Дэйзи была бы не прочь опять устроиться билетершей в кинотеатр – особенно если это будет один из кинотеатров Вест-Энда, – но в этом случае они с Клинтом виделись бы совсем уж мало. Поэтому она нашла работу в эксклюзивном обувном магазинчике неподалеку от Оксфорд-стрит.
– Вообще-то я хотела бы взять кого-нибудь посообразительнее, – бесцеремонно заявила управляющая магазином на собеседовании, – но, пожалуй, мы вас возьмем. Мы очень долго никого не могли найти на это место, а человек нам нужен.
Дэйзи поразило, что такая крохотная обувь может стоить так дорого. Толщина каблуков едва превышала диаметр сигареты, а верх представлял собой несколько тоненьких полосок кожи. Дэйзи решила, что такие босоножки очень понравились бы тете Грете. Как-то, дождавшись, пока управляющая уйдет на обед, она примерила одну из пар и, едва сделав пару шагов, оступилась и упала.
Работа Дэйзи очень нравилась. Ей не надо было ничего читать, и, хотя некоторые из клиенток были даже более грубыми, чем ее начальница, другие держались весьма приветливо. Кое-кого из них Дэйзи не раз видела по телевизору, и ей было очень приятно написать домой, что она продала туфли одной известной актрисе.
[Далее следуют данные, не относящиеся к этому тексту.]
lemma det_eq_dominant_perm:
  fixes A :: "'a::comm_ring_1 mat" and w :: "nat \<Rightarrow> 'b::linorder"
  assumes A: "A \<in> carrier_mat m m" and p0: "p0 permutes {0..<m}"
    and dominant: "\<And>i k. i < m \<Longrightarrow> k < m \<Longrightarrow> A $$ (i, k) \<noteq> 0 \<Longrightarrow> k \<noteq> p0 i \<Longrightarrow> w k < w (p0 i)"
  shows "det A = signof p0 * (\<Prod>i = 0..<m. A $$ (i, p0 i))"
proof -
  let ?term = "\<lambda>p. signof p * (\<Prod>i = 0..<m. A $$ (i, p i))"
  have "?term p = 0" if p: "p permutes {0..<m}" and "p \<noteq> p0" for p
  proof -
    have "\<exists>i\<in>{0..<m}. A $$ (i, p i) = 0"
    proof (rule ccontr)
      assume nonzero: "\<not> ?thesis"
      have "p = p0"
      proof (rule permutes_eq_if_dominated[OF _ p p0, where w = w])
        fix i assume "i \<in> {0..<m}" "p i \<noteq> p0 i"
        thus "w (p i) < w (p0 i)" using dominant[of i "p i"] nonzero permutes_in_image[OF p] by simp
      qed simp
      with \<open>p \<noteq> p0\<close> show False ..
    qed
    hence "(\<Prod>i = 0..<m. A $$ (i, p i)) = 0" by (rule prod_zero[rotated]) simp
    thus ?thesis by simp
  qed
  hence "(\<Sum>p \<in> {p. p permutes {0..<m}} - {p0}. ?term p) = 0" by (intro sum.neutral) auto
  moreover have "det A = ?term p0 + (\<Sum>p \<in> {p. p permutes {0..<m}} - {p0}. ?term p)"
    unfolding det_def'[OF A] using p0 by (subst sum.remove[of _ p0]) (auto simp: finite_permutations)
  ultimately show ?thesis by simp
qed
Пару раз в неделю они с Клинтом ходили после ужина в кино. Клинт обожал смотреть фильмы сразу после их выхода на экран – ведь до ливерпульских кинотеатров они могли добираться несколько недель и даже месяцев. Но чаще всего супруги оставались дома – либо смотрели цветной телевизор, подаренный им на свадьбу дядей Мэттом, либо занимались своими делами: Дэйзи рисовала, стоя за мольбертом у окна, а Клинт работал над очередным сценарием. Переезд в Лондон изменил его: он стал более раскованным и веселым. Возможно даже, он был вполне доволен своим браком.
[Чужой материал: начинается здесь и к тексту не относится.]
lemma deck_mod_4: "deck k = deck (k mod 4)"
proof -
  have "of_int (4 * (k div 4)) * pi / 2 = 2*pi * of_int (k div 4)" by simp
  then have "deck (4 * (k div 4)) = mat 1"
    unfolding exp_p2_def mat_1_eq_mat2 by (simp only: cos_int_2pin sin_int_2pin) simp
  then show ?thesis using deck_add[of "4 * (k div 4)" "k mod 4"] by simp
qed

lemma lens_rel_iff_deck:
  assumes "g \<in> SU2"
  shows "lens_rel g x \<longleftrightarrow> (\<exists>k. x = g ** deck k)"
proof
  assume "lens_rel g x"
  then obtain a b c1 c2 k where g: "g = exp_p2 (-b) ** exp_p1 a ** exp_p2 c1"
    and x: "x = exp_p2 (-b) ** exp_p1 a ** exp_p2 c2" and k: "c1 - c2 = of_int k * pi"
    unfolding lens_rel_def by blast
  have "c2 = c1 + of_int (-k) * pi" using k by simp
  then have "exp_p2 c2 = exp_p2 c1 ** deck (-k)" by (simp add: exp_p2_add)
  then have "x = g ** deck (-k)" by (simp add: x g matrix_mul_assoc)
  then show "\<exists>k. x = g ** deck k" ..
next
  assume "\<exists>k. x = g ** deck k"
  then obtain k where x: "x = g ** deck k" ..
  obtain a b c where abc: "0 \<le> a" "a \<le> pi" "0 \<le> b" "b < 2*pi"
    and g: "g = exp_p2 (-b) ** exp_p1 a ** exp_p2 c"
    using SU2_euler_angles[OF assms] by blast
  have "x = exp_p2 (-b) ** exp_p1 a ** exp_p2 (c + of_int k * pi)"
    by (simp add: x g exp_p2_add flip: matrix_mul_assoc)
  moreover have "c - (c + of_int k * pi) = of_int (-k) * pi" by simp
  ultimately show "lens_rel g x" unfolding lens_rel_def using abc g by blast
qed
Как-то, вернувшись домой, Клинт сообщил Дэйзи, что один из сотрудников пригласил его посидеть вечером в баре.
– Но я отказался – сказал, что дома меня ждет жена.
– Я не против того, чтобы ты встречался с друзьями, – заявила Дэйзи. – В следующий раз не отказывайся.
Лицо Клинта погрустнело:
– А я думал, что ты будешь волноваться из-за моего отсутствия.
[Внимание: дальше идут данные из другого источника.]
text \<open>Computing the same second difference via \<open>f\<^sub>v\<^sub>u\<close> and letting the square shrink,
  continuity of the mixed partials forces them to agree.\<close>
lemma mixed_partials_commute_real:
  fixes f fu fv fuv fvu :: "real \<times> real \<Rightarrow> real"
  assumes U: "open U" and p: "p \<in> U"
    and du: "\<forall>q\<in>U. has_pu f (fu q) q" and dv: "\<forall>q\<in>U. has_pv f (fv q) q"
    and duv: "\<forall>q\<in>U. has_pv fu (fuv q) q" and dvu: "\<forall>q\<in>U. has_pu fv (fvu q) q"
    and cuv: "continuous_on U fuv" and cvu: "continuous_on U fvu"
  shows "fuv p = fvu p"
proof (rule ccontr)
  assume "fuv p \<noteq> fvu p"
  define d where "d = \<bar>fuv p - fvu p\<bar>"
  have "d / 2 > 0" using \<open>fuv p \<noteq> fvu p\<close> by (simp add: d_def)
  then obtain r1 r2 where r1: "r1 > 0" "\<forall>q\<in>U. dist q p < r1 \<longrightarrow> dist (fuv q) (fuv p) < d / 2"
    and r2: "r2 > 0" "\<forall>q\<in>U. dist q p < r2 \<longrightarrow> dist (fvu q) (fvu p) < d / 2"
    using cuv cvu p unfolding continuous_on_iff by metis
  obtain r3 where r3: "r3 > 0" "ball p r3 \<subseteq> U" using U p open_contains_ball by blast
  define r where "r = min r1 (min r2 r3)"
  define h where "h = r / 3"
  obtain a b where pab: "p = (a, b)" by fastforce
  have h: "h > 0" using r1 r2 r3 by (simp add: h_def r_def)
  have near: "(s, t) \<in> U \<and> dist (s, t) p < r" if "a \<le> s" "s \<le> a + h" "b \<le> t" "t \<le> b + h" for s t
  proof -
    have "dist (s, t) p \<le> \<bar>s - a\<bar> + \<bar>t - b\<bar>"
      using sqrt_sum_squares_le_sum_abs[of "s - a" "t - b"] by (simp add: pab dist_Pair_Pair dist_real_def)
    also have "\<dots> < r" using that h by (simp add: h_def)
    finally show ?thesis using r3 by (auto simp: r_def dist_commute)
  qed
  have "\<exists>\<xi> \<eta>. a < \<xi> \<and> \<xi> < a + h \<and> b < \<eta> \<and> \<eta> < b + h \<and>
          f (a + h, b + h) - f (a + h, b) - f (a, b + h) + f (a, b) = h * h * fuv (\<xi>, \<eta>)"
  proof (rule second_difference_mean_value[OF h])
    fix s t assume "a \<le> s" "s \<le> a + h" "b \<le> t" "t \<le> b + h"
    then show "has_pu f (fu (s, t)) (s, t) \<and> has_pv fu (fuv (s, t)) (s, t)"
      using near du duv by blast
  qed
  then obtain \<xi> \<eta> where \<xi>\<eta>: "a < \<xi>" "\<xi> < a + h" "b < \<eta>" "\<eta> < b + h"
    and first: "f (a + h, b + h) - f (a + h, b) - f (a, b + h) + f (a, b) = h * h * fuv (\<xi>, \<eta>)"
    by blast
  \<comment> \<open>the same second difference, computed by differentiating first in v, then in u\<close>
  have "\<exists>\<eta>' \<xi>'. b < \<eta>' \<and> \<eta>' < b + h \<and> a < \<xi>' \<and> \<xi>' < a + h \<and>
          (f \<circ> prod.swap) (b + h, a + h) - (f \<circ> prod.swap) (b + h, a) - (f \<circ> prod.swap) (b, a + h)
           + (f \<circ> prod.swap) (b, a) = h * h * (fvu \<circ> prod.swap) (\<eta>', \<xi>')"
  proof (rule second_difference_mean_value[OF h])
    fix t s assume "b \<le> t" "t \<le> b + h" "a \<le> s" "s \<le> a + h"
    then have "(s, t) \<in> U" using near by blast
    then show "has_pu (f \<circ> prod.swap) ((fv \<circ> prod.swap) (t, s)) (t, s) \<and>
               has_pv (fv \<circ> prod.swap) ((fvu \<circ> prod.swap) (t, s)) (t, s)"
      using dv dvu by (fastforce simp: has_pu_def has_pv_def o_def)
  qed
  then obtain \<eta>' \<xi>' where \<xi>\<eta>': "b < \<eta>'" "\<eta>' < b + h" "a < \<xi>'" "\<xi>' < a + h"
    and "f (a + h, b + h) - f (a, b + h) - f (a + h, b) + f (a, b) = h * h * fvu (\<xi>', \<eta>')"
    by auto
  then have "h * h * fuv (\<xi>, \<eta>) = h * h * fvu (\<xi>', \<eta>')" using first by argo
  then have "fuv (\<xi>, \<eta>) = fvu (\<xi>', \<eta>')" using h by simp
  moreover have "dist (fuv (\<xi>, \<eta>)) (fuv p) < d / 2" using r1 near[of \<xi> \<eta>] \<xi>\<eta> by (simp add: r_def)
  moreover have "dist (fvu (\<xi>', \<eta>')) (fvu p) < d / 2" using r2 near[of \<xi>' \<eta>'] \<xi>\<eta>' by (simp add: r_def)
  ultimately have "\<bar>fuv p - fvu p\<bar> < d" unfolding dist_real_def by linarith
  then show False by (simp add: d_def)
qed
– Ты мог бы позвонить – телефон стоит в холле. Звонок слышен сюда даже при закрытой двери.
– Да?
Клинта явно расстроило то, что Дэйзи не возражает против его отсутствия по вечерам. Девушка поняла, что ему важно чувствовать себя необходимым кому-то, быть чьей-то половинкой. Он называл ее «моя жена» всегда, когда только можно было: в магазинах, в кино, в автобусе или в метро…
Неловкость первых ночей давно ушла в прошлое, и они вновь стали лучшими друзьями – пожалуй, еще более близкими, чем когда-либо. Дэйзи любила Клинта, а он нуждался в ней. Практически по всем вопросам они придерживались одного и того же мнения, но, если их мнения все же расходились, они получали огромное удовольствие от дружеских споров.
Словом, их жизнь была почти абсолютно счастливой – за исключением одного момента, о котором никто из них никогда не упоминал.
Прожив в Лондоне два месяца, Клинт и Дэйзи поехали на выходные в Ливерпуль – и обнаружили, что за время их отсутствия дома совсем ничего не изменилось.
Дэйзи была убеждена, что в доме на краю Принцесс-парка вообще ничего никогда не меняется. Люди могли появляться и исчезать, но бабушка всегда оставалась на своем месте, твердой рукой управляя своими подданными и щедро одаривая их любовью. В Лондоне Дэйзи скучала по своей бабушке больше, чем по кому бы то ни было.
В воскресенье они отправились на обед к родителям Клинта. За столом Пикси довольно больно стукнула Дэйзи в бок и сказала:
– А я решила, что вы пришли, чтобы сообщить нам одно важное известие!
Дэйзи понадобилось несколько секунд, чтобы понять, на что она намекает. Мать Клинта думала, что ее невестка беременна. Дэйзи подождала ответа Клинта, но, когда его не последовало, она с серьезным видом произнесла:
– Мы просто захотели повидаться с вами, вот и все.
Они пробыли у родителей Клинта совсем недолго: по воскресеньям поезд шел до Лондона дольше обычного, так что приходилось спешить.
По дороге к бабушке они молчали. Дэйзи думала о детях – ей всегда хотелось иметь по меньшей мере двоих. Она едва ли не впервые в жизни злилась на Клинта, с каменным лицом идущего рядом. Что он себе думает? Неужели он ждал, что она забудет о своем желании завести детей? Рано или поздно она вызовет его на серьезный разговор, но сделать это будет непросто: она слишком сильно его любила, чтобы причинить ему боль.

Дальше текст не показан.